Mapping Transcription Factor Gene Regulatory Network in the Shoot Apical Meristem Stem Cell Niche of Arabidopsis thaliana

Abstract

Spatiotemporal regulation of gene expression is the key phenomenon in multicellular organisms to specify fate of distinct cell types. Spatial and temporal regulation of gene expression is achieved by the cell signalling and transcription factors (TFs). In both animals and plants several studies have shown role of TF in cell and tissue specialization. Shoot apical meristem of Arabidopsis thaliana harbours a set of stem cells from which the various cell types of plant arise. How stem cells differentiate in to different cell types of the shoot and how organs form from these differentiated cells is still largely unknown. In the present study I investigated the role of broadly expressed TFs in specifying the epidermal and sub epidermal cell type. Epidermal cell types forms an important interface between the outside environment and the inside of plant body and protects the plants from pathogens and drought. Sub epidermal cell types are sandwiched between the epidermal cells and the internal cell layers and play an important role in maintaining the cell-cell communication across the cell layers in shoot apex. In leaves and stem tissue, sub epidermal cells differentiate form the photosynthetic tissue.

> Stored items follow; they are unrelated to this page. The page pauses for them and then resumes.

lemma R2_Int_A22_subset_rhd_0:
  assumes "clone A F"
  shows "R2 A F \<inter> (A22 A \<times> A22 A) \<subseteq> rhd A F 0"
proof
  fix z assume z: "z \<in> R2 A F \<inter> (A22 A \<times> A22 A)"
  obtain a b c d where abcd: "z = ((a, b), (c, d))" "(a, b) \<in> A22 A" "(c, d) \<in> A22 A"
    using z by (cases z) auto
  obtain \<sigma> where \<sigma>: "\<forall>f \<in> F \<inter> ops A 2. f [c, d] = \<sigma> (f [a, b])"
    using z unfolding abcd(1) R2_def app2_def by auto
  have "proj A 2 0 [c, d] = \<sigma> (proj A 2 0 [a, b])"
    using \<sigma> clone_proj[OF assms, of 0 2] by simp
  then have "c = \<sigma> a" using abcd by (simp add: proj_def)
  have "f [c, d] = c" if f: "f \<in> F \<inter> ops A 2" and "f [a, b] = a" for f
  proof -
    have "f [c, d] = \<sigma> (f [a, b])" using \<sigma> f by blast
    then show ?thesis using that(2) \<open>c = \<sigma> a\<close> by simp
  qed
  then show "z \<in> rhd A F 0" using abcd by (simp add: mem_rhd_0_iff)
qed

lemma rhd_0_subset_R2:
  assumes "conservative A F" "sym (rhd A F 0)"
  shows "rhd A F 0 \<subseteq> R2 A F"
proof
  fix z assume z: "z \<in> rhd A F 0"
  obtain a b c d where "z = ((a, b), (c, d))" by (metis surj_pair)
  moreover have "(a, b) \<in> A22 A" "(c, d) \<in> A22 A" using z calculation by (simp_all add: rhd_def)
  ultimately have abcd: "z = ((a, b), (c, d))" "(a, b) \<in> A22 A" "(c, d) \<in> A22 A" by blast+
  have zs: "((c, d), (a, b)) \<in> rhd A F 0" using assms(2) z abcd(1) by (blast dest: symD)
  obtain \<sigma> where \<sigma>: "\<sigma> permutes A" "map \<sigma> [a, b] = [c, d]"
    using exists_permutes_map_eq[of "[a, b]" "[c, d]" A] abcd(2,3) by fastforce
  have "app2 f (c, d) = \<sigma> (app2 f (a, b))" if f: "f \<in> F \<inter> ops A 2" for f
  proof (cases "f [a, b] = a")
    case True
    then have "f [c, d] = c" using z f unfolding abcd(1) mem_rhd_0_iff by blast
    then show ?thesis using True \<sigma>(2) by (simp add: app2_def)
  next
    case False
    then have "f [a, b] = b" using conservative_binary[OF assms(1) f] abcd(2) by auto
    moreover have "f [c, d] \<noteq> c" using zs f False unfolding mem_rhd_0_iff by blast
    then have "f [c, d] = d" using conservative_binary[OF assms(1) f] abcd(3) by auto
    ultimately show ?thesis using \<sigma>(2) by (simp add: app2_def)
  qed
  then show "z \<in> R2 A F"
    using abcd permutes_imp_bij[OF \<sigma>(1)] unfolding R2_def by (auto simp: A22_def)
qed

lemma all_less_2_nat: "(\<forall>i<(2::nat). P i) \<longleftrightarrow> P 0 \<and> P 1"
  by (auto simp: numeral_2_eq_2 less_Suc_eq)

theorem mainTheorem18:
  fixes A :: "'a set" and F :: "('a list \<Rightarrow> 'a) set"
  assumes "clone A F" and "conservative A F" and "symmetric A F"
  shows "rhd A F 0 = rhd A F 1 \<and> rhd A F 1 = R2 A F \<inter> (A22 A \<times> A22 A) \<and>
    ((\<forall>i<2. \<forall>x\<in>A22 A. \<forall>y\<in>A22 A. (x, y) \<in> rhd A F i) \<or>
     (\<forall>i<2. \<forall>x\<in>A22 A. \<forall>y\<in>A22 A. (x, y) \<in> rhd A F i \<longleftrightarrow> ptyp x y = T0) \<or>
     (\<forall>i<2. \<forall>x\<in>A22 A. \<forall>y\<in>A22 A. (x, y) \<in> rhd A F i \<longleftrightarrow> ptyp x y \<in> {T0, T1}) \<or>
     (card A = 4 \<and> (\<forall>i<2. \<forall>x\<in>A22 A. \<forall>y\<in>A22 A. (x, y) \<in> rhd A F i \<longleftrightarrow> ptyp x y \<in> {T0, T1, T2})) \<or>
     (card A = 3 \<and> (\<forall>i<2. \<forall>x\<in>A22 A. \<forall>y\<in>A22 A. (x, y) \<in> rhd A F i \<longleftrightarrow> ptyp x y \<in> {T0, T01, T10})))"
proof -
  interpret rhd: typed_pair_preorder A "rhd A F 0"
    using typed_pair_preorder_rhd_0[OF assms] .
  have sym_rhd: "sym (rhd A F 0)" by (rule symI) (rule rhd.sym)
  then have "rhd A F 1 = rhd A F 0"
    using rhd_1_eq_converse[OF assms(2)] by (simp add: sym_conv_converse_eq)
  moreover have "R2 A F \<inter> (A22 A \<times> A22 A) = rhd A F 0"
    using R2_Int_A22_subset_rhd_0[OF assms(1)] rhd_0_subset_R2[OF assms(2) sym_rhd] rhd.subset by blast
  ultimately show ?thesis
    unfolding all_less_2_nat using rhd.classification by simp
qed

end
(* Let $s,t\in(0,\pi)$ with $s\ne t$, so that $P=(\cos t,\sin t)$ and $Q=(\cos s,\sin s)$ are two distinct points of the unit circle in the half-plane $y>0$. Consider $$f(u)=\frac{1}{\sqrt{\sin(t+u)}}+\frac{1}{\sqrt{\sin(s+u)}},$$ defined for all $u$ with $\sin(t+u)>0$ and $\sin(s+u)>0$. Then on the interval of definition $I=(-\min(s,t),\ \pi-\max(s,t))$ (which contains $0$), $f$ attains its minimum at $u_{\min}=\frac{\pi}{2}-\frac{s+t}{2}$ (the rotation by angle $u_{\min}$ takes $P,Q$ to points forming a segment parallel to the $x$-axis); $u_{\min}$ is the only critical point of $f$ on $I$, and $f$ is decreasing as $u$ increases in $I$ while $u<u_{\min}$. *)

theory Defs
  imports Complex_Main
begin

end

theory Submission imports Defs begin

text \<open>
  Write \<open>G y = cos y / sin y ^ (3/2)\<close>, so that \<open>-G y / 2\<close> is the derivative of
  \<open>1 / sqrt (sin y)\<close> and \<open>f' u = -(G (t + u) + G (s + u)) / 2\<close>. On \<open>(0, pi)\<close> the function
  \<open>G\<close> is strictly decreasing and odd about \<open>pi / 2\<close>, i.e. \<open>G (pi - y) = - G y\<close>. Hence
  \<open>G a + G b = G a - G (pi - b)\<close> has the sign of \<open>pi - a - b\<close>, and \<open>f' u\<close> has the sign
  of \<open>(t + u) + (s + u) - pi = 2 (u - umin)\<close>: \<open>f\<close> falls strictly up to \<open>umin\<close> and rises
  after it.
\<close>

definition G :: "real \<Rightarrow> real" where
  "G y = cos y / (sin y * sqrt (sin y))"

lemma G_pi_minus: "G (pi - y) = - G y"
  unfolding G_def by simp

lemma G_strict_antimono_first_half:
  assumes "0 < x" "x < y" "y \<le> pi / 2"
  shows "G y < G x"
proof -
  have sin_x: "0 < sin x" using assms by (intro sin_gt_zero) auto
  have "sin x < sin y" using assms by (intro sin_monotone_2pi) auto
  then have denom: "sin x * sqrt (sin x) < sin y * sqrt (sin y)"
    using sin_x by (intro mult_strict_mono) auto
  have denom_pos: "0 < sin x * sqrt (sin x)" using sin_x by simp
  have "cos y < cos x" using assms by (intro cos_monotone_0_pi) auto
  have "0 \<le> cos y" using assms by (intro cos_ge_zero) auto
  have "cos y / (sin y * sqrt (sin y)) \<le> cos y / (sin x * sqrt (sin x))"
    using \<open>0 \<le> cos y\<close> denom denom_pos by (intro divide_left_mono) auto
  also have "\<dots> < cos x / (sin x * sqrt (sin x))"
    using \<open>cos y < cos x\<close> denom_pos by (intro divide_strict_right_mono) auto
  finally show ?thesis unfolding G_def .
qed

lemma G_strict_antimono:
  assumes "0 < x" "x < y" "y < pi"
  shows "G y < G x"
proof -
  consider "y \<le> pi / 2" | "pi / 2 \<le> x" | "x < pi / 2" "pi / 2 < y" by linarith
  then show ?thesis
  proof cases
    case 1
    then show ?thesis using G_strict_antimono_first_half assms by blast
  next
    case 2
    have "G (pi - x) < G (pi - y)" using assms 2 by (intro G_strict_antimono_first_half) auto
    then show ?thesis by (simp add: G_pi_minus)
  next
    case 3
    have "0 < sin y" using assms by (intro sin_gt_zero) auto
    have "0 < cos (pi - y)" using 3 assms by (intro cos_gt_zero) auto
    then have "G y < 0" using \<open>0 < sin y\<close> unfolding G_def by (simp add: divide_neg_pos)
    have "0 < sin x" "0 < cos x" using 3 assms by (auto intro: sin_gt_zero cos_gt_zero)
    then have "0 < G x" unfolding G_def by simp
    with \<open>G y < 0\<close> show ?thesis by simp
  qed
qed

lemma sgn_G_add:
  assumes "0 < a" "a < pi" "0 < b" "b < pi"
  shows "sgn (G a + G b) = sgn (pi - a - b)"
proof -
  have "G a + G b = G a - G (pi - b)" by (simp add: G_pi_minus)
  moreover have "G (pi - b) < G a" if "a < pi - b"
    using that assms by (intro G_strict_antimono) auto
  moreover have "G a < G (pi - b)" if "pi - b < a"
    using that assms by (intro G_strict_antimono) auto
  ultimately show ?thesis
    by (cases a "pi - b" rule: linorder_cases) (auto simp: sgn_if)
qed

lemma has_real_derivative_inverse_sqrt_sin:
  assumes "0 < sin (c + x)"
  shows "((\<lambda>u. 1 / sqrt (sin (c + u))) has_real_derivative - G (c + x) / 2) (at x)"
proof -
  have "((\<lambda>u. sqrt (sin (c + u))) has_real_derivative
      inverse (sqrt (sin (c + x))) / 2 * cos (c + x)) (at x)"
    using assms by (intro DERIV_chain2[where f = sqrt] DERIV_real_sqrt derivative_eq_intros) auto
  from DERIV_inverse_fun[OF this] assms
  have "((\<lambda>u. 1 / sqrt (sin (c + u))) has_real_derivative
      - (inverse (sqrt (sin (c + x))) / 2 * cos (c + x)) / (sqrt (sin (c + x)))\<^sup>2) (at x)"
    unfolding divide_inverse by (simp add: power2_eq_square)
  moreover have "- (inverse (sqrt (sin (c + x))) / 2 * cos (c + x)) / (sqrt (sin (c + x)))\<^sup>2
      = - G (c + x) / 2"
    using assms unfolding G_def by (simp add: field_simps)
  ultimately show ?thesis by metis
qed

lemma min_at_derivative_sign_change:
  fixes f f' :: "real \<Rightarrow> real"
  assumes "m \<in> {a<..<b}" "u \<in> {a<..<b}"
    and deriv: "\<And>x. x \<in> {a<..<b} \<Longrightarrow> (f has_real_derivative f' x) (at x)"
    and sign: "\<And>x. x \<in> {a<..<b} \<Longrightarrow> sgn (f' x) = sgn (x - m)"
  shows "f m \<le> f u"
proof (cases "u \<le> m")
  case True
  show ?thesis
  proof (rule DERIV_nonpos_imp_nonincreasing[OF True])
    fix x assume "u \<le> x" "x \<le> m"
    then have "x \<in> {a<..<b}" using assms(1,2) by auto
    moreover from this have "f' x \<le> 0"
      using sign[of x] \<open>x \<le> m\<close> by (auto simp: sgn_if split: if_splits)
    ultimately show "\<exists>y. DERIV f x :> y \<and> y \<le> 0" using deriv by blast
  qed
next
  case False
  show ?thesis
  proof (rule DERIV_nonneg_imp_nondecreasing[of m u])
    show "m \<le> u" using False by simp
  next
    fix x assume "m \<le> x" "x \<le> u"
    then have "x \<in> {a<..<b}" using assms(1,2) by auto
    moreover from this have "0 \<le> f' x"
      using sign[of x] \<open>m \<le> x\<close> by (auto simp: sgn_if split: if_splits)
    ultimately show "\<exists>y. DERIV f x :> y \<and> 0 \<le> y" using deriv by blast
  qed
qed

lemma strict_antimono_before_derivative_sign_change:
  fixes f f' :: "real \<Rightarrow> real"
  assumes "m \<in> {a<..<b}" "x \<in> {a<..<b}" "x < y" "y < m"
    and deriv: "\<And>z. z \<in> {a<..<b} \<Longrightarrow> (f has_real_derivative f' z) (at z)"
    and sign: "\<And>z. z \<in> {a<..<b} \<Longrightarrow> sgn (f' z) = sgn (z - m)"
  shows "f y < f x"
proof (rule DERIV_neg_imp_decreasing[OF \<open>x < y\<close>])
  fix z assume "x \<le> z" "z \<le> y"
  then have "z \<in> {a<..<b}" "z < m" using assms(1-4) by auto
  then have "f' z < 0" using sign[of z] by (simp add: sgn_if split: if_splits)
  then show "\<exists>d. DERIV f z :> d \<and> d < 0" using deriv \<open>z \<in> {a<..<b}\<close> by blast
qed

theorem lemma1:
  fixes s t :: real and f :: "real \<Rightarrow> real"
  assumes "0 < s" "s < pi" "0 < t" "t < pi" "s \<noteq> t"
    and f_def: "\<And>u. f u = 1 / sqrt (sin (t + u)) + 1 / sqrt (sin (s + u))"
  defines "I \<equiv> {- min s t <..< pi - max s t}"
    and "umin \<equiv> pi / 2 - (s + t) / 2"
  shows "0 \<in> I
    \<and> (\<forall>u\<in>I. sin (t + u) > 0 \<and> sin (s + u) > 0)
    \<and> umin \<in> I
    \<and> sin (t + umin) = sin (s + umin)
    \<and> (\<forall>u\<in>I. f umin \<le> f u)
    \<and> (\<forall>u\<in>I. f differentiable (at u))
    \<and> (\<forall>u\<in>I. (f has_real_derivative 0) (at u) \<longleftrightarrow> u = umin)
    \<and> (\<forall>x\<in>I. \<forall>y\<in>I. x < y \<and> y < umin \<longrightarrow> f y < f x)"
proof -
  define f' where "f' u = - G (t + u) / 2 + - G (s + u) / 2" for u
  have mem_I: "u \<in> I \<longleftrightarrow> 0 < t + u \<and> t + u < pi \<and> 0 < s + u \<and> s + u < pi" for u
    unfolding I_def by auto
  have "0 \<in> I" "umin \<in> I" using assms(1-4) unfolding mem_I umin_def by (auto simp: field_simps)
  have sin_pos: "sin (t + u) > 0 \<and> sin (s + u) > 0" if "u \<in> I" for u
    using that mem_I by (auto intro!: sin_gt_zero)
  have "t + umin = pi - (s + umin)" unfolding umin_def by (simp add: field_simps)
  then have "sin (t + umin) = sin (s + umin)" by (metis sin_pi_minus)
  have deriv: "(f has_real_derivative f' u) (at u)" if "u \<in> I" for u
    unfolding f_def[abs_def] f'_def using sin_pos[OF that]
    by (intro DERIV_add has_real_derivative_inverse_sqrt_sin) auto
  have sign: "sgn (f' u) = sgn (u - umin)" if "u \<in> I" for u
  proof -
    have "sgn (f' u) = - sgn (G (t + u) + G (s + u)) " unfolding f'_def by (auto simp: sgn_if)
    also have "\<dots> = sgn (u - umin)"
      using that by (simp add: mem_I sgn_G_add umin_def sgn_minus[symmetric] field_simps)
    finally show ?thesis .
  qed
  note on_interval = deriv[unfolded I_def] sign[unfolded I_def]
  have "\<forall>u\<in>I. f umin \<le> f u"
    using min_at_derivative_sign_change[OF _ _ on_interval] \<open>umin \<in> I\<close>
    unfolding I_def by blast
  moreover have "\<forall>u\<in>I. f differentiable (at u)"
    using deriv real_differentiable_def by blast
  moreover have "\<forall>u\<in>I. (f has_real_derivative 0) (at u) \<longleftrightarrow> u = umin"
    using deriv sign DERIV_unique by (metis sgn_0_0 right_minus_eq)
  moreover have "\<forall>x\<in>I. \<forall>y\<in>I. x < y \<and> y < umin \<longrightarrow> f y < f x"
    using strict_antimono_before_derivative_sign_change[OF _ _ _ _ on_interval] \<open>umin \<in> I\<close>
    unfolding I_def by blast
  ultimately show ?thesis
    using \<open>0 \<in> I\<close> sin_pos \<open>umin \<in> I\<close> \<open>sin (t + umin) = sin (s + umin)\<close> by blast
qed

end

To uncover the hierarchy of gene regulation among the TFs and to identify the network responsible for cell and tissue specialization, I have mapped the interaction between the TF promoters and their cognate trans-acting factors using yeast-one-hybrid (Y1H). Y1H data was analysed and gene-regulatory network was built. Promoter reporter studies for few selected TFs revealed in planta the importance of trans-acting factors in determining the spatiotemporal expression patterns.